Background

This is a humanized monoclonal anti-tau IgG antibody that recognizes a conformational epitope in tau oligomers. It was generated by immunizing mice with oligomers encapsulated in artificial lipid vesicles, in an effort to elicit antibodies that would bind to, and clear, tau oligomers from synapses.

According to data in a bioRxiv preprint from Aprinoia scientists, the mouse version of the antibody binds more avidly to tau in synaptosome and insoluble fractions of human brain extracts than to monomeric, cytosolic tau. The antibody reacted with tau aggregates from early stage AD cases, but not with tangles and neuropil threads that form later in the disease (Tai et al., 2022). It recognized aggregates of both the 3R and 4R tau splice forms, including those in Pick’s disease, corticobasal degeneration, and progressive supranuclear palsy.

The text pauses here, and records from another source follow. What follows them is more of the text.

(* Let $\mathcal{A}:\mathbb{C}^{m\times n}\to\mathbb{C}^p$ be linear with rank-restricted isometry constant $\delta_r(\mathcal{A})$. Let $\Psi,\Upsilon\subset\mathbb{O}$ be sets of atoms and $X\in\mathbb{C}^{m\times n}$ such that $\mathcal{P}_\Upsilon^\perp\mathcal{P}_\Psi=\mathcal{P}_\Psi\mathcal{P}_\Upsilon^\perp$, $\mathcal{P}_\Upsilon^\perp X=0$, and $|\Psi|\le r$. Then $\|\mathcal{P}_\Upsilon^\perp\mathcal{P}_\Psi\mathcal{A}^*\mathcal{A}\mathcal{P}_\Psi X\|_F\le\sqrt2\,\delta_r(\mathcal{A})\|\mathcal{P}_\Psi X\|_F$.
   Context: $\mathbb{C}^p$ has inner product $\langle x,y\rangle=y^Hx$ and norm $\|\cdot\|_2$; $\mathbb{C}^{m\times n}$ has inner product $\langle X,Y\rangle=\mathrm{tr}(Y^HX)$ and Frobenius norm $\|\cdot\|_F$; $\mathcal{A}^*$ is the adjoint of $\mathcal{A}$. $\delta_r(\mathcal{A})$ is the smallest $\delta\ge0$ such that $(1-\delta)\|X\|_F^2\le\|\mathcal{A}X\|_2^2\le(1+\delta)\|X\|_F^2$ for all $X$ with $\mathrm{rank}(X)\le r$. The set of atoms $\mathbb{O}$ is a set of unit-Frobenius-norm rank-one matrices in $\mathbb{C}^{m\times n}$ such that every nonzero rank-one matrix is a scalar multiple of exactly one element of $\mathbb{O}$. For $\Psi\subset\mathbb{O}$, $\mathcal{P}_\Psi$ is the orthogonal projection onto $\mathrm{span}(\Psi)$ and $\mathcal{P}_\Psi^\perp=I-\mathcal{P}_\Psi$. *)

theory Defs
  imports "HOL-Analysis.Analysis"
begin
(* Let $Q$ be a topological $k$-quandle and let $L^1_C$ and $L^2_{C'}$ be $k$-colored links. Then $\hat{J}_Q(L^1_C\amalg L^2_{C'})$ is homeomorphic to $\hat{J}_Q(L^1_C)\times\hat{J}_Q(L^2_{C'})$, where $L^1_C\amalg L^2_{C'}$ denotes the disjoint (split) sum of the two colored links.
   Context: A quandle is a set with a binary operation $\triangleright$ such that $x\triangleright x=x$, each right translation $x\mapsto x\triangleright y$ is a bijection (inverse written $x\mapsto x\triangleright^{-1}y$), and $(x\triangleright y)\triangleright z=(x\triangleright z)\triangleright(y\triangleright z)$. A $k$-quandle is a set with operations $\triangleright_1,\dots,\triangleright_k$, each making it a quandle, with $(x\triangleright_i y)\triangleright_j z=(x\triangleright_j z)\triangleright_i(y\triangleright_j z)$ for all $i,j,x,y,z$. A topological $k$-quandle is a $k$-quandle with a topology making all $\triangleright_i,\triangleright_i^{-1}:Q\times Q\to Q$ continuous. A $k$-colored link is an oriented link whose components are each labeled by one of the colors $1,\dots,k$, considered up to orientation- and color-preserving ambient isotopy. A $k$-colored $n$-braid ${}^v_w\sigma$ is an $n$-strand braid (oriented top to bottom) with colored strands, $v$ and $w$ being the color tuples at the top and bottom ends read left to right; the closure of ${}^v_v\sigma$ joins each top end to the bottom end in the same position and is a $k$-colored link, and every $k$-colored link arises this way. For $v$ and $w$ differing by a swap of entries $i,i+1$, the elementary colored braid ${}^v_w\sigma_i$ induces the homeomorphism $Q^n\to Q^n$, $x\mapsto x'$ with $x'_j=x_j$ for $j\ne i,i+1$, $x'_i=x_{i+1}$, $x'_{i+1}=x_i\triangleright_{v_{i+1}}x_{i+1}$; ${}^w_v\sigma_i^{-1}$ induces its inverse; a product ${}^{v^1}_{v^2}\sigma_{i_1}^{\pm}\cdots{}^{v^m}_{v^{m+1}}\sigma_{i_m}^{\pm}$ induces the composite ${}^{v^m}_{v^{m+1}}\sigma_{i_m}^{\pm}\circ\cdots\circ{}^{v^1}_{v^2}\sigma_{i_1}^{\pm}$. For $L_C=\overline{{}^v_v\sigma}$, $\hat{J}_Q(L_C)\subseteq Q^n$ is the space of fixed points of the map ${}^v_v\sigma:Q^n\to Q^n$ (with subspace topology); up to homeomorphism it depends only on the colored link $L_C$. *)

theory Defs
  imports "HOL-Analysis.Analysis"
begin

In preclinical work reported in the same manuscript, the antibody reacted with tau aggregates in rTg4510 mice expressing P301L tau. The antibody recognized tau in distal neurites in young mice, and later, in cell bodies. APNmAb005 blocked the transmission of pathogenic tau in cells treated with rTg4510 mouse brain extracts. Twelve weeks of antibody injection partially rescued synaptic and neuronal loss in the hippocampus without changing overall tau levels.

Findings

In May 2022, Aprinoia began a Phase 1, first-in-human study. It will enroll 40 healthy people in five dosing groups to receive single intravenous infusions of 5, 10, 25, 50 or 70 mg/kg, or placebo. Adverse events, vital signs, electrocardiograms, clinical lab measures, and study discontinuations will be tracked for 70 days after each dose, before proceeding to the next-highest dose. Other outcomes include pharmacokinetics and antidrug antibodies, as well as plasma and CSF Tau and phosphoTau-181, -217, and -231. Completion is expected in January 2023.

Aprinoia is also developing a PET tracer, now in Phase 2 trials in the U.S., and Phase 3 in China (company pipeline; Mar 2020 news; Feb 2020 news).

In January 2023, this private company merged with a special-purpose acquisition company to create a publicly traded corporation focused on neurodegenerative diseases (press release).

For details on this trial, see clinicaltrials.gov.